Be aware that even the best credit-counseling agency is limited in what it can do for you. It can't do anything about secured loans, that is, your mortgage or a car loan, nor can it reduce interest on student loans. It can negotiate with credit-card companies, hospitals, department stores, and lawyers, but many aren't yielding as much as they once did. In a study of people who've used credit counseling, Jinhee Kim of the University of Maryland found the best results came about when people sought counseling early on and, most important, stayed with it.

It generally takes about five years to pay off debts with a debt-management plan. Agencies get most of their funds from the creditors they negotiate with, but you may also have to pay fees, often about $75 to start and $50 a month after that.

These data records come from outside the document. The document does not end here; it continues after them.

lemma S1_separated_subsequence:
  fixes b :: "nat \<Rightarrow> 'a::topological_space set" and T :: "nat \<Rightarrow> nat"
  assumes S1: "S1 (omega_covers :: 'a set set set) omega_covers"
    and b: "range b \<in> omega_covers" and T: "mono T"
  shows "\<exists>q :: nat \<Rightarrow> nat. range (b \<circ> q) \<in> omega_covers \<and>
    (\<forall>n n'. n \<noteq> n' \<longrightarrow> T (q n) < q n' \<or> T (q n') < q n)"
proof -
  \<comment> \<open>With \<open>2 n + 1\<close> candidates, one of them is compatible with the \<open>n\<close> earlier choices.\<close>
  define \<C> where "\<C> n = (\<lambda>Q. \<Inter>q\<in>Q. b q) ` {Q. card Q = 2 * n + 1 \<and> separated_by T Q}" for n
  have "\<C> n \<in> omega_covers" for n
    unfolding \<C>_def by (rule separated_intersections_omega_cover[OF b]) simp
  then obtain W where W: "\<And>n. W n \<in> \<C> n" "range W \<in> omega_covers"
    by (rule S1D[OF S1, of \<C>]) auto
  have "\<forall>n. \<exists>Q. card Q = 2 * n + 1 \<and> separated_by T Q \<and> W n = (\<Inter>q\<in>Q. b q)"
    using W(1) unfolding \<C>_def by blast
  then obtain Q where Q: "\<And>n. card (Q n) = 2 * n + 1" "\<And>n. separated_by T (Q n)"
    "\<And>n. W n = (\<Inter>q\<in>Q n. b q)"
    by metis
  have "\<exists>x\<in>Q n. \<forall>y\<in>R. T y < x \<or> T x < y" if "finite R" "card R \<le> n" for n R
    using separated_avoids_conflicts[OF T Q(2) that(1)] that(2) Q(1) by simp
  then have "\<exists>q. \<forall>n. q n \<in> Q n \<and> (\<forall>m<n. T (q m) < q n \<or> T (q n) < q m)"
    by (rule greedy_sequence[where r = "\<lambda>x y. T y < x \<or> T x < y"])
  then obtain q where q: "\<And>n. q n \<in> Q n" "\<And>n m. m < n \<Longrightarrow> T (q m) < q n \<or> T (q n) < q m"
    by blast
  have "range (b \<circ> q) \<in> omega_covers"
  proof (rule omega_covers_subfamily[OF b])
    fix F :: "'a set"
    assume "finite F"
    then obtain n where "F \<subseteq> W n" using omega_coversD(3)[OF W(2)] by blast
    also have "W n \<subseteq> b (q n)"
      unfolding Q(3) by (rule INT_lower[OF q(1)])
    finally show "\<exists>V\<in>range (b \<circ> q). F \<subseteq> V" by auto
  qed auto
  moreover have "T (q n) < q n' \<or> T (q n') < q n" if "n \<noteq> n'" for n n'
    using q(2)[of n n'] q(2)[of n' n] that by (cases n n' rule: linorder_cases) auto
  ultimately show ?thesis by blast
qed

5. Consider the last resort
Bankruptcy has always been the worst-case scenario, and now it's even more so. Because of federal laws that became effective in October 2005, "someone earning above the median income for their state has a much more difficult time liquidating debts," says Todd E. Duffy, a bankruptcy lawyer in New York City. And that's true even if you have extraordinary expenses. The $50,000 heart surgery that put you over the financial brink may move a judge to tears, but it's no guarantee that he or she will discharge your debts if you'd have even $100 left in your pocket each month after paying eligible living expenses. What's more, that amount is set by the Internal Revenue Service, not by what you actually spend. For example, a single person earning $4,167 to $5,833 a month is assumed to be able to get by on $691 a month for food, clothing, and incidentals.

To add insult to financial injury, if you file for a Chapter 7 bankruptcy and don't qualify, you could be accused of abuse of process. What you're left with is Chapter 13, a more stringent bankruptcy plan that requires repaying debts over three to five years and using all of your disposable income toward that end. Attorney's fees for a bankruptcy can range from about $600 to $3,500. And you have to pay that bill up front.